Data Fusion Heralds City Attractiveness Ranking


Emerging Technology From the arXiv: “The ability of any city to attract visitors is an important metric for town planners, businesses based on tourism, traffic planners, residents, and so on. And there are increasingly varied ways of measuring this thanks to the growing volumes of city-related data generated by with social media, and location-based data.

So it’s only natural that researchers would like to draw these data sets together to see what kind of insight they can get from this form of data fusion.

And so it has turned out thanks to the work of Stanislav Sobolevsky at MIT and a few buddies. These guys have fused three wildly different data sets related to the attractiveness of a city that allows them to rank these places and to understand why people visit them and what they do when they get there.

The work focuses exclusively on cities in Spain using data that is relatively straightforward to gather. The first data set consists of the number of credit and debit card transactions carried out by visitors to cities throughout Spain during 2011. This includes each card’s country of origin, which allows Sobolevsky and co to count only those transactions made by foreign visitors—a total of 17 million anonymized transactions from 8.6 million foreign visitors from 175 different countries.

The second data set consists of over 3.5 million photos and videos taken in Spain and posted to Flickr by people living in other countries. These pictures were taken between 2005 and 2014 by 16,000 visitors from 112 countries.

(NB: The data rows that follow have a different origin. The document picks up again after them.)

lemma esym_insert:
  assumes S: "finite S" and x: "x \<notin> S"
  shows "esym (Suc k) (insert x S) a = esym (Suc k) S a + a x * esym k S a"
proof -
  let ?f = "\<lambda>k T. if card T = k then \<Prod>i\<in>T. a i else 0"
  have insert_term: "?f (Suc k) (insert x T) = a x * ?f k T" if "T \<in> Pow S" for T
  proof -
    from that have "finite T" "x \<notin> T" using x finite_subset[OF _ S] by auto
    then show ?thesis by simp
  qed
  have "inj_on (insert x) (Pow S)"
    using x by (auto simp: inj_on_def)
  moreover have "Pow S \<inter> insert x ` Pow S = {}"
    using x by auto
  ultimately have "esym (Suc k) (insert x S) a
      = (\<Sum>T\<in>Pow S. ?f (Suc k) T) + (\<Sum>T\<in>Pow S. ?f (Suc k) (insert x T))"
    using S by (simp add: esym_Pow Pow_insert sum.union_disjoint sum.reindex)
  also have "\<dots> = esym (Suc k) S a + a x * esym k S a"
    using S by (simp add: esym_Pow insert_term sum_distrib_left)
  finally show ?thesis .
qed

(* The coefficient of x^k in prod_(i:S) (x - a_i), by Vieta's formulas. *)
definition root_poly_coeff :: "(nat \<Rightarrow> complex) \<Rightarrow> nat set \<Rightarrow> int \<Rightarrow> complex" where
  "root_poly_coeff a S k =
     (if 0 \<le> k \<and> k \<le> int (card S) then (-1)^(card S - nat k) * esym (card S - nat k) S a else 0)"

lemma root_poly_coeff_eq_0: "k < 0 \<or> int (card S) < k \<Longrightarrow> root_poly_coeff a S k = 0"
  by (auto simp: root_poly_coeff_def)
lemma prime_ideal_if_maximal_avoiding:
  assumes R: "subring R" and Q: "ideal_of R Q"
    and M: "M \<subseteq> R" "1 \<in> M" "\<forall>x\<in>M. \<forall>y\<in>M. x * y \<in> M" "Q \<inter> M = {}"
    and maximal: "\<And>x. x \<in> R \<Longrightarrow> x \<notin> Q \<Longrightarrow> ideal_sum Q (principal_ideal R x) \<inter> M \<noteq> {}"
  shows "prime_ideal_of R Q"
  unfolding prime_ideal_of_def
proof (intro conjI ballI impI)
  show "Q \<noteq> R" using M by blast
next
  fix x y assume x: "x \<in> R" and y: "y \<in> R" and xy: "x * y \<in> Q"
  show "x \<in> Q \<or> y \<in> Q"
  proof (rule ccontr)
    assume "\<not> (x \<in> Q \<or> y \<in> Q)"
    then obtain q r q' r' where qr: "q \<in> Q" "r \<in> R" "q + r * x \<in> M"
      and qr': "q' \<in> Q" "r' \<in> R" "q' + r' * y \<in> M"
      using maximal x y unfolding ideal_sum_def principal_ideal_def by blast
    have "q' + r' * y \<in> R" using M(1) qr' by blast
    then have "q * (q' + r' * y) + (r * x) * q' + (r * r') * (x * y) \<in> Q"
      using Q R qr qr' x xy by (meson ideal_add ideal_mult ideal_mult_right subring_mult)
    moreover have "(q + r * x) * (q' + r' * y) = q * (q' + r' * y) + (r * x) * q' + (r * r') * (x * y)"
      by (simp add: algebra_simps)
    moreover have "(q + r * x) * (q' + r' * y) \<in> M" using M(3) qr(3) qr'(3) by blast
    ultimately show False using M(4) by auto
  qed
qed fact

lemma prime_ideal_avoiding:
  assumes R: "subring R" and I: "ideal_of R I"
    and M: "M \<subseteq> R" "1 \<in> M" "\<forall>x\<in>M. \<forall>y\<in>M. x * y \<in> M" "I \<inter> M = {}"
  obtains Q where "prime_ideal_of R Q" "I \<subseteq> Q" "Q \<inter> M = {}"
proof -
  define S where "S = {J. ideal_of R J \<and> I \<subseteq> J \<and> J \<inter> M = {}}"
  have "\<Union>C \<in> S" if C: "C \<noteq> {}" "subset.chain S C" for C
  proof -
    have "C \<subseteq> S" "subset.chain UNIV C" using C(2) unfolding subset_chain_def by auto
    then have "ideal_of R (\<Union>C)" using ideal_of_Union_chain[OF C(1)] unfolding S_def by blast
    moreover have "I \<subseteq> \<Union>C" "\<Union>C \<inter> M = {}" using \<open>C \<subseteq> S\<close> C(1) unfolding S_def by auto
    ultimately show ?thesis unfolding S_def by blast
  qed
  moreover have "I \<in> S" using I M(4) unfolding S_def by blast
  ultimately obtain Q where "Q \<in> S" and max: "\<forall>J\<in>S. Q \<subseteq> J \<longrightarrow> J = Q"
    using subset_Zorn_nonempty[of S] by blast
  then have Q: "ideal_of R Q" "I \<subseteq> Q" "Q \<inter> M = {}" unfolding S_def by auto
  have "ideal_sum Q (principal_ideal R x) \<inter> M \<noteq> {}" if x: "x \<in> R" "x \<notin> Q" for x
  proof
    let ?Qx = "ideal_sum Q (principal_ideal R x)"
    assume "?Qx \<inter> M = {}"
    moreover have "ideal_of R ?Qx"
      using ideal_of_ideal_sum[OF Q(1) ideal_of_principal_ideal[OF R x(1)] R] .
    moreover have "Q \<subseteq> ?Qx"
      using ideal_sum_subset_left[OF ideal_of_principal_ideal[OF R x(1)]] .
    ultimately have "?Qx = Q" using max Q(2) unfolding S_def by blast
    moreover have "x \<in> ?Qx"
      using ideal_sum_subset_right[OF Q(1)] mem_principal_ideal[OF R] by blast
    ultimately show False using x(2) by blast
  qed
  then have "prime_ideal_of R Q"
    using prime_ideal_if_maximal_avoiding[OF R Q(1) M(1-3) Q(3)] by blast
  with Q show thesis using that by blast
qed

lemma proper_ideal_in_prime_ideal:
  assumes "subring R" "ideal_of R I" "1 \<notin> I"
  obtains P where "prime_ideal_of R P" "I \<subseteq> P"
proof -
  have "{1} \<subseteq> R" "I \<inter> {1} = {}" using assms subring_1[OF assms(1)] by auto
  then show thesis using prime_ideal_avoiding[OF assms(1,2), of "{1}"] that by auto
qed

lemma ideal_of_Int:
  assumes "ideal_of B I" "subring A" "A \<subseteq> B"
  shows "ideal_of A (I \<inter> A)"
  using assms unfolding ideal_of_def subring_def by blast

lemma prime_ideal_of_Int:
  assumes "prime_ideal_of B Q" "subring A" "A \<subseteq> B"
  shows "prime_ideal_of A (Q \<inter> A)"
  using ideal_of_Int[OF prime_ideal_ideal[OF assms(1)] assms(2,3)] assms
    prime_ideal_one_notin[OF assms(1)] subring_1[OF assms(2)]
  unfolding prime_ideal_of_def by blast

section \<open>Denominator ideals in flat overrings\<close>

definition denominators :: "'k::field set \<Rightarrow> 'k set \<Rightarrow> 'k set" where
  "denominators A X = {c \<in> A. \<forall>x\<in>X. c * x \<in> A}"

lemma ideal_of_denominators:
  assumes A: "subring A"
  shows "ideal_of A (denominators A X)"
  unfolding ideal_of_def
proof (intro conjI ballI)
  show "denominators A X \<subseteq> A" unfolding denominators_def by blast
  show "0 \<in> denominators A X" using subring_0[OF A] unfolding denominators_def by simp
next
  fix c c' assume "c \<in> denominators A X" "c' \<in> denominators A X"
  then show "c + c' \<in> denominators A X"
    using subring_add[OF A] unfolding denominators_def by (simp add: distrib_right)
next
  fix a c assume "a \<in> A" "c \<in> denominators A X"
  then show "a * c \<in> denominators A X"
    using subring_mult[OF A] unfolding denominators_def by (simp add: mult.assoc)
qed

lemma one_mem_denominators_iff: "subring A \<Longrightarrow> 1 \<in> denominators A {b} \<longleftrightarrow> b \<in> A"
  unfolding denominators_def using subring_1[of A] by simp

lemma prod_mem_denominators:
  assumes A: "subring A" and X: "finite X" and f: "\<And>x. x \<in> X \<Longrightarrow> f x \<in> denominators A {x}"
  shows "prod f X \<in> denominators A X"
proof -
  have "prod f X * x \<in> A" if x: "x \<in> X" for x
  proof -
    have "prod f (X - {x}) \<in> A"
      using subring_prod[OF _ A] X f unfolding denominators_def by blast
    moreover have "f x * x \<in> A" using f[OF x] unfolding denominators_def by blast
    ultimately have "(f x * x) * prod f (X - {x}) \<in> A" using subring_mult[OF A] by blast
    then show ?thesis unfolding prod.remove[OF X x, of f] by (simp add: ac_simps)
  qed
  moreover have "prod f X \<in> A" using subring_prod[OF X A] f unfolding denominators_def by blast
  ultimately show ?thesis unfolding denominators_def by blast
qed

lemma exists_nonzero_denominator:
  assumes "subring A" "is_fraction_field_of A" "finite X"
  obtains t where "t \<in> denominators A X" "t \<noteq> 0"
proof -
  have "\<exists>q. q \<in> denominators A {x} \<and> q \<noteq> 0" for x
  proof -
    obtain p q where "p \<in> A" "q \<in> A" "q \<noteq> 0" "x = p / q"
      using assms(2) unfolding is_fraction_field_of_def by blast
    then have "q \<in> denominators A {x}" unfolding denominators_def by simp
    then show ?thesis using \<open>q \<noteq> 0\<close> by blast
  qed
  then obtain g where g: "\<And>x. g x \<in> denominators A {x}" "\<And>x. g x \<noteq> 0" by metis
  then have "prod g X \<in> denominators A X" using prod_mem_denominators[OF assms(1,3)] by blast
  moreover have "prod g X \<noteq> 0" using assms(3) g(2) by simp
  ultimately show thesis using that by blast
qed

lemma denominators_subset_prime_ideal:
  assumes A: "subring A" and P: "prime_ideal_of A P" and X: "finite X"
    and "denominators A X \<subseteq> P"
  shows "\<exists>x\<in>X. denominators A {x} \<subseteq> P"
proof (rule ccontr)
  assume "\<not> (\<exists>x\<in>X. denominators A {x} \<subseteq> P)"
  then have "\<forall>x\<in>X. \<exists>c. c \<in> denominators A {x} - P" by blast
  from bchoice[OF this] obtain f where f: "\<And>x. x \<in> X \<Longrightarrow> f x \<in> denominators A {x} - P"
    by blast
  then have "prod f X \<in> denominators A X" using prod_mem_denominators[OF A X] by blast
  moreover have "prod f X \<notin> P"
    using prod_notin_prime_ideal[OF P A X] f unfolding denominators_def by blast
  ultimately show False using assms(4) by blast
qed

definition extends_to_unit_ideal :: "'k::field set \<Rightarrow> 'k set \<Rightarrow> bool" where
  "extends_to_unit_ideal P B \<longleftrightarrow>
     (\<exists>(m::nat) c \<beta>. (\<forall>k<m. c k \<in> P \<and> \<beta> k \<in> B) \<and> (\<Sum>k<m. c k * \<beta> k) = 1)"

lemma extends_to_unit_ideal_mono:
  "extends_to_unit_ideal P B \<Longrightarrow> P \<subseteq> P' \<Longrightarrow> extends_to_unit_ideal P' B"
  unfolding extends_to_unit_ideal_def by blast

lemma sum_mem_ideal:
  assumes "ideal_of B Q" "\<forall>k<(m::nat). c k \<in> Q \<and> \<beta> k \<in> B"
  shows "(\<Sum>k<m. c k * \<beta> k) \<in> Q"
  using assms(2)
proof (induction m)
  case 0
  then show ?case using ideal_0[OF assms(1)] by simp
next
  case (Suc m)
  then have "(\<Sum>k<m. c k * \<beta> k) \<in> Q" "c m * \<beta> m \<in> Q"
    using ideal_mult_right[OF assms(1)] by auto
  then show ?case using ideal_add[OF assms(1)] by simp
qed

lemma not_extends_to_unit_ideal:
  assumes "prime_ideal_of B Q" "P \<subseteq> Q"
  shows "\<not> extends_to_unit_ideal P B"
proof
  assume "extends_to_unit_ideal P B"
  then obtain m :: nat and c \<beta> where "\<forall>k<m. c k \<in> P \<and> \<beta> k \<in> B" "(\<Sum>k<m. c k * \<beta> k) = 1"
    unfolding extends_to_unit_ideal_def by blast
  then have "1 \<in> Q" using sum_mem_ideal[OF prime_ideal_ideal[OF assms(1)], of m c \<beta>] assms(2) by auto
  then show False using prime_ideal_one_notin[OF assms(1)] by blast
qed

text \<open>Flatness trivialises the relation p * 1 - q * b = 0 for b = p / q; the trivialisation
  writes 1 as a B-combination of elements c with c b \<in> A.\<close>
lemma extends_to_unit_ideal_denominators:
  assumes A: "subring A" and ff: "is_fraction_field_of A" and B: "subring B"
    and flat: "flat_over A B" and b: "b \<in> B"
  shows "extends_to_unit_ideal (denominators A {b}) B"
proof -
  obtain p q where pq: "p \<in> A" "q \<in> A" "q \<noteq> 0" "b = p / q"
    using ff unfolding is_fraction_field_of_def by blast
  define a where "a = (\<lambda>i::nat. if i = 0 then p else - q)"
  define bs where "bs = (\<lambda>i::nat. if i = 0 then 1 else b)"
  have "\<forall>i<2. a i \<in> A \<and> bs i \<in> B"
    using pq b subring_uminus[OF A] subring_1[OF B] unfolding a_def bs_def by auto
  moreover have "(\<Sum>i<2. a i * bs i) = 0"
    using pq by (simp add: a_def bs_def numeral_2_eq_2)
  ultimately obtain m :: nat and c x where cx: "\<forall>j<m. c j \<in> B" "\<forall>i<2. \<forall>j<m. x i j \<in> A"
      "\<forall>i<2. bs i = (\<Sum>j<m. x i j * c j)" "\<forall>j<m. (\<Sum>i<2. a i * x i j) = 0"
    using flat[unfolded flat_over_def, rule_format, of 2 a bs] by blast
  have "x 0 j \<in> denominators A {b}" if j: "j < m" for j
  proof -
    have "p * x 0 j = q * x 1 j"
      using cx(4) j by (simp add: a_def numeral_2_eq_2)
    then have "x 0 j * b = x 1 j"
      using pq(3,4) by (metis nonzero_mult_div_cancel_left times_divide_eq_right mult.commute)
    then show ?thesis using cx(2) j unfolding denominators_def by auto
  qed
  moreover have "(\<Sum>j<m. x 0 j * c j) = 1" using cx(3)[rule_format, of 0] by (simp add: bs_def)
  ultimately show ?thesis using cx(1) unfolding extends_to_unit_ideal_def by blast
qed

text \<open>The ring A[1/d] inside the fraction field (the whole field when d = 0).\<close>
definition away :: "'k::field set \<Rightarrow> 'k \<Rightarrow> 'k set" where
  "away A d = {y. \<exists>n. d ^ n * y \<in> A}"
(* Let $\mathcal{O}$ be an oriented matroid on $E$, let $f,g,h\in E$ be pairwise distinct, and let $X,Y$ be comodular cocircuits with $X_g=Y_g\neq 0$ and $X_f=Y_f\neq 0$. If $X\leftrightarrow_{g,f}Y$, then $X\to_{g,h}Y$ implies $X\to_{f,h}Y$.
   Context: Oriented matroid $\mathcal{O}$ of rank $r$ on finite $E$, given by its cocircuits (sign vectors in $\{+,-,0\}^E$). Notation: $z(X)$ zero set, $\operatorname{sep}(X,Y)=\{e:X_e=-Y_e\neq 0\}$, composition $(X\circ Y)_e=X_e$ if $X_e\ne0$, else $Y_e$. An edge is a covector whose zero set is a flat of rank $r-2$; cocircuits $X\neq\pm Y$ are comodular if $X\circ Y$ is an edge. For comodular $X,Y$ and $e\in\operatorname{sep}(X,Y)$, cocircuit elimination of $e$ between $X$ and $Y$ yields the unique cocircuit $Z$ with $Z_e=0$ and $Z_h=(X\circ Y)_h$ for $h\notin\operatorname{sep}(X,Y)$. For distinct $a,b\in E$ and comodular $X,Y$ with $X_a=Y_a\ne0$, let $Z$ be obtained by eliminating $a$ between $-X$ and $Y$; write $X\to_{a,b}Y$ if $Z_b=+$, $X\leftarrow_{a,b}Y$ if $Z_b=-$, $X\leftrightarrow_{a,b}Y$ if $Z_b=0$. *)

theory Defs
  imports Main
begin

(* Signs and sign vectors.  A sign vector on the ground set E is a function
   'a => sign that vanishes outside E. *)
datatype sign = SPos | SNeg | SZero

fun sneg :: "sign \<Rightarrow> sign" where
  "sneg SPos = SNeg" | "sneg SNeg = SPos" | "sneg SZero = SZero"

type_synonym 'a svec = "'a \<Rightarrow> sign"

definition vneg :: "'a svec \<Rightarrow> 'a svec" where
  "vneg X = (\<lambda>e. sneg (X e))"

definition zvec :: "'a svec" where
  "zvec = (\<lambda>e. SZero)"

definition supp :: "'a svec \<Rightarrow> 'a set" where
  "supp X = {e. X e \<noteq> SZero}"

definition posp :: "'a svec \<Rightarrow> 'a set" where
  "posp X = {e. X e = SPos}"

definition negp :: "'a svec \<Rightarrow> 'a set" where
  "negp X = {e. X e = SNeg}"

definition zero_set :: "'a set \<Rightarrow> 'a svec \<Rightarrow> 'a set" where
  "zero_set E X = {e \<in> E. X e = SZero}"

definition sep :: "'a svec \<Rightarrow> 'a svec \<Rightarrow> 'a set" where
  "sep X Y = {e. X e \<noteq> SZero \<and> X e = sneg (Y e)}"

definition comp :: "'a svec \<Rightarrow> 'a svec \<Rightarrow> 'a svec" where
  "comp X Y = (\<lambda>e. if X e \<noteq> SZero then X e else Y e)"

(* Cocircuit axioms of an oriented matroid on the finite set E
   (Bjorner-Las Vergnas-Sturmfels-White-Ziegler, Def. 3.2.1 dualised). *)
definition om_cocircuits :: "'a set \<Rightarrow> 'a svec set \<Rightarrow> bool" where
  "om_cocircuits E C \<longleftrightarrow>
     finite E \<and>
     (\<forall>X\<in>C. \<forall>e. e \<notin> E \<longrightarrow> X e = SZero) \<and>
     zvec \<notin> C \<and>
     (\<forall>X\<in>C. vneg X \<in> C) \<and>
     (\<forall>X\<in>C. \<forall>Y\<in>C. supp X \<subseteq> supp Y \<longrightarrow> X = Y \<or> X = vneg Y) \<and>
     (\<forall>X\<in>C. \<forall>Y\<in>C. \<forall>e. X \<noteq> vneg Y \<and> e \<in> sep X Y \<longrightarrow>
        (\<exists>Z\<in>C. Z e = SZero \<and> posp Z \<subseteq> posp X \<union> posp Y
                 \<and> negp Z \<subseteq> negp X \<union> negp Y))"

inductive_set covectors :: "'a svec set \<Rightarrow> 'a svec set" for C where
  cov_zero: "zvec \<in> covectors C"
| cov_comp: "X \<in> C \<Longrightarrow> Y \<in> covectors C \<Longrightarrow> comp X Y \<in> covectors C"

(* Underlying matroid M: its cocircuits are the supports of the signed cocircuits.
   Independent sets of the dual M^* are the sets containing no cocircuit support;
   rank of M^*, then rank of M via r(A) = |A| + r^*(E - A) - r^*(E). *)
definition coindep :: "'a svec set \<Rightarrow> 'a set \<Rightarrow> bool" where
  "coindep C B \<longleftrightarrow> \<not> (\<exists>X\<in>C. supp X \<subseteq> B)"

definition dual_rank :: "'a svec set \<Rightarrow> 'a set \<Rightarrow> nat" where
  "dual_rank C A = Max {card B | B. B \<subseteq> A \<and> coindep C B}"

definition mrank :: "'a set \<Rightarrow> 'a svec set \<Rightarrow> 'a set \<Rightarrow> nat" where
  "mrank E C A = card A + dual_rank C (E - A) - dual_rank C E"

definition om_rank :: "'a set \<Rightarrow> 'a svec set \<Rightarrow> nat" where
  "om_rank E C = mrank E C E"

definition is_edge :: "'a set \<Rightarrow> 'a svec set \<Rightarrow> 'a svec \<Rightarrow> bool" where
  "is_edge E C W \<longleftrightarrow> W \<in> covectors C \<and> mrank E C (zero_set E W) + 2 = om_rank E C"

definition comodular :: "'a set \<Rightarrow> 'a svec set \<Rightarrow> 'a svec \<Rightarrow> 'a svec \<Rightarrow> bool" where
  "comodular E C X Y \<longleftrightarrow> X \<in> C \<and> Y \<in> C \<and> X \<noteq> Y \<and> X \<noteq> vneg Y \<and> is_edge E C (comp X Y)"

definition elim :: "'a svec set \<Rightarrow> 'a svec \<Rightarrow> 'a svec \<Rightarrow> 'a \<Rightarrow> 'a svec" where
  "elim C X Y e = (THE Z. Z \<in> C \<and> Z e = SZero \<and> (\<forall>h. h \<notin> sep X Y \<longrightarrow> Z h = comp X Y h))"

definition arrow_setting :: "'a set \<Rightarrow> 'a svec set \<Rightarrow> 'a \<Rightarrow> 'a \<Rightarrow> 'a svec \<Rightarrow> 'a svec \<Rightarrow> bool" where
  "arrow_setting E C a b X Y \<longleftrightarrow> a \<in> E \<and> b \<in> E \<and> a \<noteq> b \<and> comodular E C X Y
      \<and> X a = Y a \<and> X a \<noteq> SZero"

definition arr_right :: "'a set \<Rightarrow> 'a svec set \<Rightarrow> 'a \<Rightarrow> 'a \<Rightarrow> 'a svec \<Rightarrow> 'a svec \<Rightarrow> bool" where
  "arr_right E C a b X Y \<longleftrightarrow> arrow_setting E C a b X Y \<and> elim C (vneg X) Y a b = SPos"

definition arr_left :: "'a set \<Rightarrow> 'a svec set \<Rightarrow> 'a \<Rightarrow> 'a \<Rightarrow> 'a svec \<Rightarrow> 'a svec \<Rightarrow> bool" where
  "arr_left E C a b X Y \<longleftrightarrow> arrow_setting E C a b X Y \<and> elim C (vneg X) Y a b = SNeg"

The last data set consists of around 700,000 geotagged tweets posted in Spain during 2012. These were posted by 16,000 foreign visitors from 112 countries.

Finally, the team defined a city’s attractiveness, at least for the purposes of this study, as the total number of pictures, tweets and card transactions that took place within it……

That’s interesting work that shows how the fusion of big data sets can provide insights into the way people use cities.   It has its limitations of course. The study does not address the reasons why people find cities attractive and what draws them there in the first place. For example, are they there for tourism, for business, or for some other reason. That would require more specialized data.

But it does provide a general picture of attractiveness that could be a start for more detailed analyses. As such, this work is just a small part of a new science of cities based on big data, but one that shows how much is becoming possible with just a little number crunching.

Ref: arxiv.org/abs/1504.06003 : Scaling of city attractiveness for foreign visitors through big data of human economic and social media activity”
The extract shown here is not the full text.